lemma connected_graph_delete_leaf:
  assumes sg: "simple_graph V E" and cg: "connected_graph V E"
    and "E l p" and leaf: "\<And>y. E l y \<Longrightarrow> y = p"
  shows "connected_graph (V - {l}) (delete_vertex E l)"
  unfolding connected_graph_def
proof (intro ballI)
  fix u v assume u: "u \<in> V - {l}" and v: "v \<in> V - {l}"
  note G = simple_graphD[OF sg]
  let ?f = "redirect l p"
  obtain ws where ws: "ws \<noteq> []" "set ws \<subseteq> V" "successively E ws" "hd ws = u" "last ws = v"
    using cg u v unfolding connected_graph_def is_walk_iff by blast
  have edge: "?f x = ?f y \<or> delete_vertex E l (?f x) (?f y)" if "E x y" for x y
  proof (cases "x = l \<or> y = l")
    case True
    then have "x = l \<and> y = p \<or> x = p \<and> y = l"
      using \<open>E x y\<close> leaf G(2) by blast
    then show ?thesis
      by (auto simp: redirect_def)
  next
    case False
    then show ?thesis
      using \<open>E x y\<close> by (simp add: redirect_def delete_vertex_def)
  qed
  define ws' where "ws' = remdups_adj (map ?f ws)"
  have "successively (\<lambda>x y. x = y \<or> delete_vertex E l x y) (map ?f ws)"
    unfolding successively_map by (rule successively_mono[OF ws(3)]) (erule edge)
  then have "successively (delete_vertex E l) ws'"
    unfolding ws'_def by (rule successively_remdups_adj_reflclp)
  moreover have "set ws' \<subseteq> V - {l}"
    using ws(2) G(5)[OF \<open>E l p\<close>] G(3)[of l] \<open>E l p\<close> by (auto simp: ws'_def redirect_def)
  moreover have "ws' \<noteq> []" and "hd ws' = u" and "last ws' = v"
    using ws u v by (auto simp: ws'_def redirect_def hd_map last_map)
  ultimately show "\<exists>ws. is_walk (V - {l}) (delete_vertex E l) ws \<and> hd ws = u \<and> last ws = v"
    unfolding is_walk_iff by blast
qed
lemma lambdat_attained:
  assumes t: "t \<in> B n" and t': "t' \<in> B n" and "t \<noteq> t'"
  obtains x where "x \<in> Lambda_set t t'"
    and "lambdat t t' = max (subheight t x) (subheight t' x)"
proof -
  obtain y where "y \<in> set (leaves t)" "depth t y \<le> Suc (Lt t t') \<or> depth t' y \<le> Suc (Lt t t')"
    "depth t y \<noteq> depth t' y"
    using Lt_maximal(2)[OF assms] unfolding depths_agree_upto_def by blast
  moreover have "\<not> (depth t y \<le> Lt t t' \<or> depth t' y \<le> Lt t t')"
    using Lt_maximal(1)[OF assms] calculation unfolding depths_agree_upto_def by blast
  ultimately have "y \<in> Lambda_set t t'"
    unfolding Lambda_set_def by auto
  moreover have "finite (Lambda_set t t')"
    unfolding Lambda_set_def by simp
  ultimately show ?thesis
    using that Min_in[of "(\<lambda>x. max (subheight t x) (subheight t' x)) ` Lambda_set t t'"]
    unfolding lambdat_def by blast
qed

lemma walk_edge_transfer:
  assumes EV: "E \<subseteq> V \<times> V"
    and \<omega>a: "\<And>k. (\<omega>a k, \<omega>a (Suc k)) \<in> E" and \<omega>b: "\<And>k. (\<omega>b k, \<omega>b (Suc k)) \<in> E"
    and tails: "\<And>k. L < k \<Longrightarrow> \<omega>a k = \<omega>b k"
    and s: "s \<in> B n" and s': "s' \<in> B n" and sat: "satisfies V E s s'"
    and agree: "depths_agree_upto L s s'" and x: "x \<in> set (leaves s)"
    and depth_x: "depth s x = Suc L" and depth'_x: "depth s' x \<noteq> Suc L"
    and height: "subheight s x \<le> l" and v: "walk V E v l" and link: "(\<omega>a L, v 0) \<in> E"
  shows "(\<omega>b L, v 0) \<in> E"
proof -
  let ?\<phi> = "\<lambda>i. v (min (depth s i - depth s x) l)"
  have \<phi>V: "range ?\<phi> \<subseteq> V"
    using walk_in_vertices[OF EV v] by auto
  have \<phi>: "digraph_hom (subtree_edges s x) E ?\<phi>"
    using walk_subtree_hom[OF B_distinct[OF s] x height] v unfolding walk_def by blast
  have equiv: "hom_equivalent V E (tedges s) (tedges s')"
    using satisfies_hom_equivalent[OF sat] B_lm[OF s] B_lm[OF s'] by simp
  show ?thesis
    using edge_transfer[where \<omega>a = \<omega>a and \<omega>b = \<omega>b,
        OF EV \<omega>a \<omega>b tails s s' equiv agree x depth_x depth'_x \<phi>V \<phi>] link
    by simp
qed
lemma countable_dense_subset:
  assumes "sn_separable p" "sn_dense p S"
  obtains Y where "Y \<subseteq> S" "countable Y" "sn_dense p Y"
proof -
  obtain D where "countable D" and D: "sn_dense p D"
    using assms(1) unfolding sn_separable_def by blast
  define y where
    "y = (\<lambda>(d, n). SOME z. z \<in> S \<and> (\<forall>k\<le>n. p k (z - d) < inverse (real (Suc n))))"
  have "\<exists>z. z \<in> S \<and> (\<forall>k\<le>n. p k (z - d) < inverse (real (Suc n)))" for d n
    using sn_closure_iff_nat[of d S] assms(2) unfolding sn_dense_def by blast
  then have "y (d, n) \<in> S \<and> (\<forall>k\<le>n. p k (y (d, n) - d) < inverse (real (Suc n)))" for d n
    unfolding y_def prod.case by (rule someI_ex)
  then have y: "\<And>d n. y (d, n) \<in> S"
    "\<And>d n k. k \<le> n \<Longrightarrow> p k (y (d, n) - d) < inverse (real (Suc n))"
    by blast+
  define Y where "Y = y ` (D \<times> UNIV)"
  have "d \<in> sn_closure p Y" if "d \<in> D" for d
    unfolding sn_closure_iff_nat
  proof
    fix n
    have "y (d, n) \<in> Y" unfolding Y_def using that by blast
    then show "\<exists>z\<in>Y. \<forall>k\<le>n. p k (z - d) < inverse (real (Suc n))" using y(2) by blast
  qed
  then have "sn_dense p Y"
    using D sn_closure_trans[of D Y] unfolding sn_dense_def by blast
  moreover have "Y \<subseteq> S" "countable Y"
    unfolding Y_def using y(1) \<open>countable D\<close> by auto
  ultimately show ?thesis using that by blast
qed

lemma countable_subset_spanning:
  assumes "countable Y" "Y \<subseteq> span E"
  obtains F where "F \<subseteq> E - {0}" "countable F" "Y \<subseteq> span F"
proof -
  have "\<forall>y\<in>Y. \<exists>t. finite t \<and> t \<subseteq> E \<and> y \<in> span t"
  proof
    fix y assume "y \<in> Y"
    obtain t r where y: "y = (\<Sum>a\<in>t. sc (r a) a)" "finite t" "t \<subseteq> E"
      using \<open>Y \<subseteq> span E\<close> \<open>y \<in> Y\<close> unfolding span_explicit by blast
    have "y \<in> span t"
      unfolding y(1) by (intro span_sum span_scale span_base)
    then show "\<exists>t. finite t \<and> t \<subseteq> E \<and> y \<in> span t" using y by blast
  qed
  from bchoice[OF this] obtain t
    where t: "\<forall>y\<in>Y. finite (t y) \<and> t y \<subseteq> E \<and> y \<in> span (t y)"
    by blast
  define F where "F = (\<Union>y\<in>Y. t y) - {0}"
  have "y \<in> span F" if "y \<in> Y" for y
  proof -
    have "span (t y - {0}) \<subseteq> span F"
      unfolding F_def using that by (intro span_mono) blast
    then show ?thesis using t that span_delete_0[of "t y"] by blast
  qed
  moreover have "F \<subseteq> E - {0}" "countable F"
    unfolding F_def using t \<open>countable Y\<close> by (auto intro: countable_finite)
  ultimately show ?thesis using that by blast
qed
_ _ _ _ _
Requirement » Report how many lines above hold the string "tails", giving nothing but the number.

Task result » 2